Pelo menos no início, a questão financeira não era um grande empecilho. O marido de Moreira e pai de Lipe conseguiu passar num concurso público, garantindo o sustento da família e a manutenção dos tratamentos. Isso até cerca de um ano atrás, quando ele entrou com um pedido de divórcio.
Hoje, além de contar com o auxílio de “mainha”, que constitui sua única rede de apoio, e do Benefício de Prestação Continuada (BPC) — política do governo federal que oferece um salário mínimo a idosos e pessoas com deficiência —, Moreira conta que precisou acionar a Justiça para que o ex-marido pagasse a pensão.
É muito difícil dar conta de tantas despesas. Meu emocional está acabado
Devido à falta de um acompanhante especializado para atender Lipe, direito garantido por lei, ela também vem exercendo esse papel diariamente há quase dois anos na escola onde a criança, hoje com cinco, estuda. Essa demanda diária, unida à necessidade de levá-lo com frequência à terapia, faz com que Moreira viva cansada, sem tempo para procurar trabalho ou ter uma vida social.
“Minha vida está paralisada. Mainha tem 75 anos. Por conta da idade dela, evito pedir ajuda. Estou sempre me colocando em segundo, terceiro, quarto plano. Eu não consigo ir num shopping, num bar, num show, nem sair para resolver alguma coisa, porque não tenho com quem deixar meu filho”, desabafa.
“E é muito difícil dar conta de tantas despesas. Meu emocional está acabado. É muita solidão e estresse ter que lidar com tanta coisa, tomar tantas decisões sozinhas. É uma luta constante.”
Abandono
A participação no BBB 24 da modelo e confeiteira Fernanda Bande, mãe de uma criança autista, acendeu uma discussão nacional sobre os desafios enfrentados pelas mães atípicas no Brasil, da questão do trabalho ao abandono paterno. Mas as dificuldades que elas enfrentam vêm de muito tempo.
A situação vivida por Mila Moreira e o filho integra um quadro tristemente comum no país. Apesar da falta de dados atualizados sobre o tema, um estudo de 2012 do Instituto Baresi, voltado ao atendimento de pessoas com doenças raras e deficiência, indica que 78% dos pais acabam abandonando a família algum tempo depois que o o filho recebe o diagnóstico.
“Essas mulheres ficam sozinhas, sofrem ou um abandono efetivo ou um abandono emocional e financeiro”, frisa a consultora de diversidade Patrícia Salvatori, cuja filha sofre com a rara Síndrome de Prader Willi, com sintomas que podem incluir problemas de comportamento, deficiência intelectual e baixa estatura.

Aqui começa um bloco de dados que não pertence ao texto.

(* Let $n=3$, $A\in\mathbb{R}^{3\times 3}$ and $C\in\mathbb{R}^{1\times 3}$. Assume that $(A,C)$ is an observable pair, that all eigenvalues of $A$ are nonzero, and that $C\neq \alpha CA^{t}$ for all positive integers $t$ and all $\alpha\in\mathbb{R}$. Let $t_1,t_2$ be any two distinct nonnegative integers, let $\Delta$ be a positive integer that is not a pathological sampling period of $A$, and set $t_3=t_1+\Delta$, $t_4=t_2+\Delta$. Then the matrix with rows $CA^{t_1},CA^{t_2},CA^{t_3},CA^{t_4}$ has rank $3$.
   Context: Setting: discrete-time single-output system $x(t+1)=Ax(t)+Bu(t)$, $y(t)=Cx(t)+Du(t)$ with output measured only at selected time instances; the sample-based observability matrix for instances $t_1,\ldots,t_l$ is the matrix with rows $CA^{t_1},\ldots,CA^{t_l}$. $(A,C)$ is observable if the matrix with rows $C,CA,\ldots,CA^{n-1}$ has rank $n$. A positive integer $h$ is a pathological sampling period of $A$ if there exist two distinct eigenvalues $\lambda_p\neq\lambda_q$ of $A$ in different Jordan blocks with $\lambda_p^h=\lambda_q^h$. *)

theory Defs
  imports "HOL-Analysis.Analysis"
begin

primrec matpow :: "'a::semiring_1^'n^'n \<Rightarrow> nat \<Rightarrow> 'a^'n^'n" where
  "matpow A 0 = mat 1"
| "matpow A (Suc k) = matpow A k ** A"

definition cmat :: "real^'n^'m \<Rightarrow> complex^'n^'m" where
  "cmat A = (\<chi> i j. complex_of_real (A $ i $ j))"

definition is_eigenvalue :: "real^'n^'n \<Rightarrow> complex \<Rightarrow> bool" where
  "is_eigenvalue A lam \<longleftrightarrow> (\<exists>v::complex^'n. v \<noteq> 0 \<and> cmat A *v v = lam *s v)"

definition observable3 :: "real^3^3 \<Rightarrow> real^3 \<Rightarrow> bool" where
  "observable3 A C \<longleftrightarrow>
     rank (\<chi> i::3. C v* matpow A (if i = 0 then 0 else if i = 1 then 1 else 2)) = 3"

text \<open>Pathological sampling period. Two distinct eigenvalues always lie in
  different Jordan blocks, so that clause of the definition is automatic.\<close>
definition pathological_period :: "real^'n^'n \<Rightarrow> nat \<Rightarrow> bool" where
  "pathological_period A h \<longleftrightarrow> h > 0 \<and>
     (\<exists>lp lq. is_eigenvalue A lp \<and> is_eigenvalue A lq \<and> lp \<noteq> lq \<and> lp ^ h = lq ^ h)"

definition sample_obs4 :: "real^3^3 \<Rightarrow> real^3 \<Rightarrow> nat \<Rightarrow> nat \<Rightarrow> nat \<Rightarrow> nat \<Rightarrow> real^3^4" where
  "sample_obs4 A C t1 t2 t3 t4 =
     (\<chi> i::4. C v* matpow A (if i = 1 then t1 else if i = 2 then t2 else if i = 3 then t3 else t4))"

end

(*
  Assume t1 < t2 and put B = A^Delta, R = A^(t2 - t1). As A is invertible (its eigenvalues are
  nonzero), x is orthogonal to the four sampled rows iff y = A^t1 x is orthogonal to C, CB, CR
  and CRB.

  The pair (B, C) is again observable. If g has degree < 3 and C g(B) = 0, then C q(A) = 0 for
  q(s) = g(s^Delta), so q is a multiple of the cubic annihilator chi of (A, C). The roots of chi
  are eigenvalues of A: nonzero and, Delta being non-pathological, with pairwise distinct
  Delta-th powers. A root l of chi of multiplicity k is a root of q of multiplicity at least k,
  i.e. l^Delta is a root of g of multiplicity at least k; so g has at least 3 roots and vanishes.

  So C, CB, CB^2 is a basis; write CR = a C + b CB + c CB^2. If CB^2 y were nonzero, then
  orthogonality to CR would give c = 0, orthogonality to CRB = a CB + b CB^2 would give b = 0,
  and CR = a C is excluded by the hypothesis on C. Hence y is orthogonal to the basis: y = 0.
*)
theory Submission
  imports Defs "HOL-Computational_Algebra.Fundamental_Theorem_Algebra"
begin

lemma coeff_sum_monom: "coeff (\<Sum>i<n. monom (u i) i) k = (if k < n then u k else 0)"
  by (simp add: coeff_sum coeff_monom)

lemma degree_sum_monom_less:
  assumes "n > 0"
  shows "degree (\<Sum>i<n. monom (u i) i) < n"
proof -
  have "degree (\<Sum>i<n. monom (u i) i) \<le> n - 1"
    by (rule degree_le) (auto simp: coeff_sum_monom)
  then show ?thesis
    using assms by linarith
qed

lemma order_pcompose_monom:
  fixes g :: "complex poly"
  assumes "g \<noteq> 0" and "D > 0" and "l \<noteq> 0"
  shows "order l (pcompose g (monom 1 D)) = order (l ^ D) g"
proof -
  define \<mu> where "\<mu> = l ^ D"
  obtain g1 where g1: "g = [:-\<mu>, 1:] ^ order \<mu> g * g1" and "\<not> [:-\<mu>, 1:] dvd g1"
    using order_decomp[OF \<open>g \<noteq> 0\<close>] by blast
  then have "poly g1 \<mu> \<noteq> 0"
    using poly_eq_0_iff_dvd by blast
  have "poly (monom 1 D - [:\<mu>:]) l = 0"
    by (simp add: poly_monom \<mu>_def)
  then obtain h where h: "monom 1 D - [:\<mu>:] = [:-l, 1:] * h"
    using poly_eq_0_iff_dvd by blast
  \<comment> \<open>l is a simple root of x^D - l^D, since the derivative D x^(D-1) does not vanish at l\<close>
  have "poly h l = poly (pderiv ([:-l, 1:] * h)) l"
    by (simp only: pderiv_mult poly_add poly_mult) (simp add: pderiv_pCons)
  also have "\<dots> = of_nat D * l ^ (D - 1)"
    by (simp only: h [symmetric]) (simp add: pderiv_monom pderiv_diff poly_monom)
  finally have "poly h l \<noteq> 0"
    using assms by simp
  have "pcompose [:-\<mu>, 1:] (monom 1 D) = [:-l, 1:] * h"
    unfolding h [symmetric] by (simp add: pcompose_pCons)
  then have power: "pcompose ([:-\<mu>, 1:] ^ n) (monom 1 D) = ([:-l, 1:] * h) ^ n" for n
    by (induction n) (simp_all only: power_0 power_Suc pcompose_1 pcompose_mult)
  define r where "r = h ^ order \<mu> g * pcompose g1 (monom 1 D)"
  have "pcompose g (monom 1 D) = [:-l, 1:] ^ order \<mu> g * r"
    unfolding r_def by (subst g1) (simp only: pcompose_mult power power_mult_distrib mult.assoc)
  moreover have "poly r l \<noteq> 0"
    using \<open>poly h l \<noteq> 0\<close> \<open>poly g1 \<mu> \<noteq> 0\<close> by (simp add: r_def poly_pcompose poly_monom \<mu>_def)
  then have "r \<noteq> 0" and "order l r = 0"
    by (auto simp: order_0I)
  ultimately show ?thesis
    by (simp add: order_mult order_power_n_n \<mu>_def)
qed

lemma degree_le_if_dvd_pcompose_monom:
  fixes chi g :: "complex poly"
  assumes dvd: "chi dvd pcompose g (monom 1 D)" and "g \<noteq> 0" and "D > 0"
    and nonzero: "\<And>l. poly chi l = 0 \<Longrightarrow> l \<noteq> 0"
    and inj: "inj_on (\<lambda>l. l ^ D) {l. poly chi l = 0}"
  shows "degree chi \<le> degree g"
proof -
  have "pcompose g (monom 1 D) \<noteq> 0"
    using \<open>g \<noteq> 0\<close> \<open>D > 0\<close> pcompose_eq_0[of g "monom 1 D"] by (auto simp: degree_monom_eq)
  then have "chi \<noteq> 0"
    using dvd by auto
  have order_le: "order l chi \<le> order (l ^ D) g" if "poly chi l = 0" for l
  proof -
    have "order l chi \<le> order l (pcompose g (monom 1 D))"
      using dvd \<open>pcompose g (monom 1 D) \<noteq> 0\<close> order_1 dvd_trans order_divides by metis
    also have "\<dots> = order (l ^ D) g"
      using order_pcompose_monom \<open>g \<noteq> 0\<close> \<open>D > 0\<close> nonzero that by blast
    finally show ?thesis .
  qed
  have "image_mset (\<lambda>l. l ^ D) (proots chi) \<subseteq># proots g"
  proof (rule mset_subset_eqI)
    fix m
    show "count (image_mset (\<lambda>l. l ^ D) (proots chi)) m \<le> count (proots g) m"
    proof (cases "\<exists>l. poly chi l = 0 \<and> l ^ D = m")
      case True
      then obtain l where l: "poly chi l = 0" "l ^ D = m"
        by blast
      then have "(\<lambda>l. l ^ D) -` {m} \<inter> set_mset (proots chi) = {l}"
        using inj \<open>chi \<noteq> 0\<close> by (auto simp: inj_on_def)
      then have "count (image_mset (\<lambda>l. l ^ D) (proots chi)) m = order l chi"
        by (simp add: count_image_mset \<open>chi \<noteq> 0\<close>)
      then show ?thesis
        using order_le[OF l(1)] l(2) \<open>g \<noteq> 0\<close> by simp
    next
      case False
      then have "(\<lambda>l. l ^ D) -` {m} \<inter> set_mset (proots chi) = {}"
        using \<open>chi \<noteq> 0\<close> by auto
      then show ?thesis
        by (simp add: count_image_mset)
    qed
  qed
  then have "size (proots chi) \<le> size (proots g)"
    using size_mset_mono by fastforce
  then show ?thesis
    by (simp add: size_proots_complex)
qed

lemma matpow_add: "matpow M (m + n) = matpow M m ** matpow M n"
  by (induction n) (simp_all add: matrix_mul_assoc)

lemma matpow_commute: "M ** matpow M n = matpow M n ** M"
  using matpow_add[of M 1 n] matpow_add[of M n 1] by simp

lemma invertible_matpow:
  assumes "invertible A"
  shows "invertible (matpow A k)"
proof (induction k)
  case 0
  show ?case
    unfolding invertible_def by (intro exI[of _ "mat 1"]) simp
next
  case (Suc k)
  then show ?case
    using assms by (simp add: invertible_mult)
qed

lemma sum_vector_matrix_mult: "(\<Sum>i\<in>I. f i) v* M = (\<Sum>i\<in>I. f i v* M)"
  by (induction I rule: infinite_finite_induct) (simp_all add: vector_matrix_left_distrib)

lemma matrix_vector_mult_mat: "mat k *v x = k *s (x :: 'a::comm_semiring_1^'n)"
  by (simp add: vec_eq_iff matrix_vector_mult_def mat_def if_distrib if_distribR cong: if_cong)

lemma vector_matrix_mult_mat: "x v* mat k = k *s (x :: 'a::comm_semiring_1^'n)"
  using transpose_matrix_vector[of "mat k" x] by (simp add: matrix_vector_mult_mat)

lemma eigenvector_if_left_eigenvector:
  fixes M :: "'a::field^'n^'n"
  assumes "w \<noteq> 0" and "w v* M = l *s w"
  shows "\<exists>v. v \<noteq> 0 \<and> M *v v = l *s v"
proof -
  have "w v* (M - mat l) = 0"
    using assms(2) by (simp add: vector_matrix_mult_diff_rdistrib vector_matrix_mult_mat)
  then have "\<nexists>B. (M - mat l) ** B = mat 1"
    using \<open>w \<noteq> 0\<close> by (metis vector_matrix_mul_assoc vector_matrix_mul_rid vector_matrix_mult_0)
  then obtain v where "v \<noteq> 0" and "(M - mat l) *v v = 0"
    by (metis invertible_left_inverse invertible_right_inverse matrix_left_invertible_ker)
  then show ?thesis
    by (auto simp: matrix_vector_mult_diff_rdistrib matrix_vector_mult_mat)
qed

section \<open>Row vectors \<open>c p(M)\<close>\<close>

definition row_poly :: "'a::field^'n \<Rightarrow> 'a^'n^'n \<Rightarrow> 'a poly \<Rightarrow> 'a^'n" where
  "row_poly c M p = (\<Sum>i\<le>degree p. coeff p i *s (c v* matpow M i))"

lemma row_poly_eq_sum:
  assumes "degree p < n"
  shows "row_poly c M p = (\<Sum>i<n. coeff p i *s (c v* matpow M i))"
  unfolding row_poly_def
  by (rule sum.mono_neutral_left) (use assms in \<open>auto simp: coeff_eq_0\<close>)

lemma row_poly_0 [simp]: "row_poly c M 0 = 0"
  by (simp add: row_poly_def)

lemma row_poly_const [simp]: "row_poly c M [:a:] = a *s c"
  by (simp add: row_poly_def)

lemma row_poly_add: "row_poly c M (p + q) = row_poly c M p + row_poly c M q"
proof -
  define n where "n = Suc (max (degree p) (degree q))"
  have "degree (p + q) < n"
    using degree_add_le_max[of p q] by (simp add: n_def)
  then show ?thesis
    by (simp add: row_poly_eq_sum[where n = n] n_def sum.distrib vector_sadd_rdistrib)
qed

Essas mulheres ficam sozinhas, sofrem ou um abandono efetivo ou um abandono emocional e financeiro
“Geralmente, ou elas param de trabalhar para cuidar dos filhos ou acabam partindo para um empreendedorismo de necessidade. Sem preparo, aportes, conhecimento técnico, contatos, nada, vão literalmente vender o almoço para pagar a janta”, afirma ainda a consultora.
Para entender melhor a própria situação e a de outras mães atípicas, Salvatori acabou deixando para trás o trabalho no mundo corporativo, tornando-se professora universitária e pesquisadora, com uma tese de doutorado focada no tema. Em 2019, criou a rede Mães Atípicas, plataforma colaborativa que promove o empoderamento, qualificação e apoio ao empreendedorismo entre elas.
“Venderam o peixe de que precisa de uma aldeia inteira para criar uma criança, mas a maternidade, e principalmente a maternidade atípica, é profundamente solitária”, declara a especialista. “A ideia é fomentar esse convívio não só para que desabafem entre elas, mas para trocarem suas experiências enquanto mães atípicas e empreendedoras.”
Uma mãe atípica no BBB
No BBB, era comum ouvir a sister Fernanda Bande repetir o mantra de que estava ali pelos filhos — em especial pelo jovem Marcelo, de 11 anos, diagnosticado dentro do espectro autista. “Minha cobrança no programa era maior porque precisava ganhar por ele, ter um plano de saúde para ele, botar numa fono, numa terapia”, afirma a confeiteira e modelo.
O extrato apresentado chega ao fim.